I smile at the thought. It’s the university where I work. “SFSU, San Francisco State University?”
“Yeah, that’s the one. Check with them. Who knows, they may still have everything.”
• • •
On the drive home I can’t get the journal out of my head. My father was right. It doesn’t belong in a museum where people will glance at the cover under glass as they stroll past. There are too many dreams, fears, and hopes embedded in its pages. It’s a personal story of a life that needs to be cherished by his family. It belongs to his children, and their children, and then their children.
My father desperately wanted to find them. He’d tried every O’Riley in San Francisco, probably every O’Riley in California, and, knowing Dad, every O’Riley across the country. But my father was an ironworker, not a researcher. I, on the other hand, am paid to dig up obscure facts and information. I know the ropes; I have people I can call, places I can look. And now, with the Internet, surely I can track down his family. I owe that much to my father; I owe that much to Patrick O’Riley.

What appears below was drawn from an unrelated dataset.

(* Let $\mathcal S\subseteq\mathcal X\cup\mathcal Y\cup\mathcal Z$ be a set of items with $w_Z(\mathcal S)\le t-1$, $w_Y(\mathcal S)\le T$, $p_Z(\mathcal S)\ge t-1$, $p_Y(\mathcal S)\ge T$, and such that there is no set $\mathcal S'\subseteq\mathcal X\cup\mathcal Y\cup\mathcal Z$ with $w(\mathcal S')\le w(\mathcal S)$ and $p(\mathcal S')>p(\mathcal S)$. Then there exists $i\in\{0,\dots,t-1\}$ with $\mathcal S\cap\mathcal Y=\mathcal Y_i$ and $\mathcal S\cap\mathcal Z=\mathcal Z_i$.
   Context: Let $n\ge1$, $B_n=\sum_{j=1}^{3n}(3n+1)^j$, $\widetilde{\mathcal A}_n=\{(3n+1)^{j_1}+(3n+1)^{j_2}+(3n+1)^{j_3}: j_1,j_2,j_3\in\{1,\dots,3n\}\}$. Let $t$ be a power of two, $\lg$ the base-2 logarithm, and for $i\in\{0,\dots,t-1\}$ let $\mathcal A_i=\{a^i_1,\dots,a^i_{3n}\}$ be a set of $3n$ integers from $\widetilde{\mathcal A}_n$ with sum $3B_n$. Let $X=3tnB_n$, $B=B_n+nX$, $Y=3t^2nB$, $Z=(\lg t)^2Y^2 3^{(\lg t)^2}$, $T=\sum_{k=0}^{(\lg t)^2-1}3^k$, and fix a bijection $f:\{0,\dots,\lg t-1\}^2\to\{0,\dots,(\lg t)^2-1\}$. Items (weight $w$, profit $p$): encoding items $x^i_j$ ($0\le i\le t-1$, $1\le j\le 3n$) with $w=X+a^i_j$, $p=X+a^i_j+3iB$, forming $\mathcal X$; quadratization items forming $\mathcal Y$: for $0\le k<\ell\le\lg t-1$, $y^{1,0}_{k,\ell}$ with $w=p=3^{f(k,\ell)}Y$, $y^{0,1}_{k,\ell}$ with $w=p=3^{f(\ell,k)}Y$, $y^{1,1}_{k,\ell}$ with $w=(3^{f(k,\ell)}+3^{f(\ell,k)})Y$, $p=w+2^{k+\ell}\cdot9nB$, and for $0\le k\le\lg t-1$, $y^{1,1}_{k,k}$ with $w=3^{f(k,k)}Y$, $p=w+2^{2k}\cdot4.5nB+2^k\cdot1.5nB$; index items forming $\mathcal Z$: for $0\le k\le\lg t-1$, $z^0_k$ with $w=p=2^kZ+\sum_{\ell=0}^{\lg t-1}3^{f(k,\ell)}Y$ and $z^1_k$ with $w=p=2^kZ+2^k\cdot 3B$. For a set $\mathcal S$ of items, $w(\mathcal S)=\sum_{x\in\mathcal S}w(x)$, $p(\mathcal S)=\sum_{x\in\mathcal S}p(x)$. For an item $x$: $w_Z(x)=\lfloor w(x)/Z\rfloor$, $p_Z(x)=\lfloor p(x)/Z\rfloor$, $w_Y(x)=\lfloor (w(x)-Z\,w_Z(x))/Y\rfloor$, $p_Y(x)=\lfloor (p(x)-Z\,p_Z(x))/Y\rfloor$; these are extended to sets of items by summation over the items. For $i\in\{0,\dots,t-1\}$ with binary digits $i(0),\dots,i(\lg t-1)$ ($i=\sum_k i(k)2^k$): $\mathcal Z_i=\{z^{i(k)}_k:0\le k\le\lg t-1\}$ and $\mathcal Y_i=\{y^{i(k),i(\ell)}_{k,\ell}:0\le k\le\ell\le\lg t-1,\ (i(k),i(\ell))\neq(0,0)\}$. *)

theory Defs
  imports Main "HOL.Real"
begin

The more I contemplate the task, the more energized I become. It’s right down my alley, a job on my own turf. And not just for Patrick, or for my father. Deep down, I know this is a job that I need to do for me.

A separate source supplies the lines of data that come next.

lemma level_fuzzy_of_levels:
  assumes "admissible_endpoints L R" "0 < a" "a \<le> 1"
  shows "{t. a \<le> fuzzy_of_levels L R t} = {L a..R a}"
proof (intro set_eqI iffI)
  fix t
  define S where "S = {0} \<union> {b. 0 < b \<and> b \<le> 1 \<and> L b \<le> t \<and> t \<le> R b}"
  have S: "fuzzy_of_levels L R t = Sup S" "bdd_above S" "S \<noteq> {}"
    unfolding S_def fuzzy_of_levels_def by (auto intro: bdd_aboveI[of _ 1])
  show "t \<in> {t. a \<le> fuzzy_of_levels L R t}" if "t \<in> {L a..R a}"
    using that assms(2,3) S by (auto intro!: cSup_upper simp: S_def)
  show "t \<in> {L a..R a}" if "t \<in> {t. a \<le> fuzzy_of_levels L R t}"
  proof (rule ccontr)
    assume "t \<notin> {L a..R a}"
    then obtain b where b: "0 < b" "b < a" "t \<notin> {L b..R b}"
      using admissible_endpoints_notin_interval_below assms by blast
    have "c \<le> b" if "c \<in> S" for c
      using that b admissible_endpoints_mono[OF assms(1), of b c] by (force simp: S_def)
    then have "Sup S \<le> b" using S by (auto intro: cSup_least)
    then show False using that S b by auto
  qed
qed

lemma support_fuzzy_of_levels:
  "{t. 0 < fuzzy_of_levels L R t} = (\<Union>b\<in>{0<..1}. {L b..R b})"
proof (intro set_eqI)
  fix t
  define S where "S = {0} \<union> {b. 0 < b \<and> b \<le> 1 \<and> L b \<le> t \<and> t \<le> R b}"
  have "fuzzy_of_levels L R t = Sup S" "bdd_above S" "S \<noteq> {}"
    unfolding S_def fuzzy_of_levels_def by (auto intro: bdd_aboveI[of _ 1])
  then have "0 < fuzzy_of_levels L R t \<longleftrightarrow> (\<exists>b\<in>S. 0 < b)"
    by (simp add: less_cSup_iff)
  then show "t \<in> {t. 0 < fuzzy_of_levels L R t} \<longleftrightarrow> t \<in> (\<Union>b\<in>{0<..1}. {L b..R b})"
    by (auto simp: S_def)
qed

lemma endpoints_0_fuzzy_of_levels:
  assumes "admissible_endpoints L R"
  shows "Inf (level (fuzzy_of_levels L R) 0) = L 0" "Sup (level (fuzzy_of_levels L R) 0) = R 0"
proof -
  define U where "U = (\<Union>b\<in>{0<..1}. {L b..R b})"
  have "U \<subseteq> {L 0..R 0}"
  proof
    fix t assume "t \<in> U"
    then obtain b where "b \<in> {0<..1}" "L b \<le> t" "t \<le> R b" unfolding U_def by auto
    then show "t \<in> {L 0..R 0}"
      using admissible_endpoints_order(1,3)[OF assms, of b] by auto
  qed
  then have sub: "closure U \<subseteq> {L 0..R 0}" by (simp add: closure_minimal)
  have "L b \<in> closure U \<and> R b \<in> closure U" if "b \<in> {0<..<1}" for b
  proof -
    have "{L b..R b} \<subseteq> U" unfolding U_def by (rule UN_upper) (use that in auto)
    then show ?thesis
      using admissible_endpoints_order(2)[OF assms, of b] that closure_subset[of U] by auto
  qed
  then have ev: "\<forall>\<^sub>F b in at_right 0. L b \<in> closure U \<and> R b \<in> closure U"
    using eventually_at_right_real[of 0 1] by (auto elim: eventually_mono)
  have "(L \<longlongrightarrow> L 0) (at_right 0)" "(R \<longlongrightarrow> R 0) (at_right 0)"
    using assms unfolding admissible_endpoints_def by auto
  then have "L 0 \<in> closure U" "R 0 \<in> closure U"
    using Lim_in_closed_set[OF closed_closure eventually_conj_iff[THEN iffD1, OF ev, THEN conjunct1]]
      Lim_in_closed_set[OF closed_closure eventually_conj_iff[THEN iffD1, OF ev, THEN conjunct2]]
    by auto
  then have "Inf (closure U) = L 0" "Sup (closure U) = R 0"
    using sub by (force intro: cInf_eq_minimum, force intro: cSup_eq_maximum)
  then show "Inf (level (fuzzy_of_levels L R) 0) = L 0" "Sup (level (fuzzy_of_levels L R) 0) = R 0"
    unfolding level_def U_def support_fuzzy_of_levels by simp_all
qed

My breathing quickens, my thoughts jump around with waving hands. Instinctively, I map out the paths I’ll take, the places I’ll start. As I do, one obstacle keeps flashing a warning in my head. I’ve promised the professor that in just a few days I’ll submit a comprehensive outline.
I can’t do both.
• • •
I drop the ring on the table. The design is unlike any I’ve ever seen. The band is formed by what look to be two connecting arms, each reaching around until they meet. The hands at the ends of the arms are intricate, with every detail of the fingers and nails showing. In the center, where the fingers touch, they hold a small silver heart. And below the heart—in fact, connected to it—extends a small crown.
I consider what might possess an ironworker to include a ring in the box. I’ve known many men who worked on the bridge, but most refused to wear jewelry, afraid they would catch it on a rivet and cause injury. Intrigued, I push the ring onto each of my fingers until it slides safely around the third finger of my left hand. I twirl the ring around and again study the design sculpted into the surface. There is something familiar. I’m sure I have seen these shapes before.
I sit perplexed until my mind makes the connection. When it does, I jump from my chair. As I hold it close, words from the journal flow from my lips.
“With this crown, I give my loyalty. With these hands, I promise to serve. With this heart, I give you mine.”
The crown, the hands, the heart—they are all there. In an instant, I know. On my finger I wear Anna’s ring.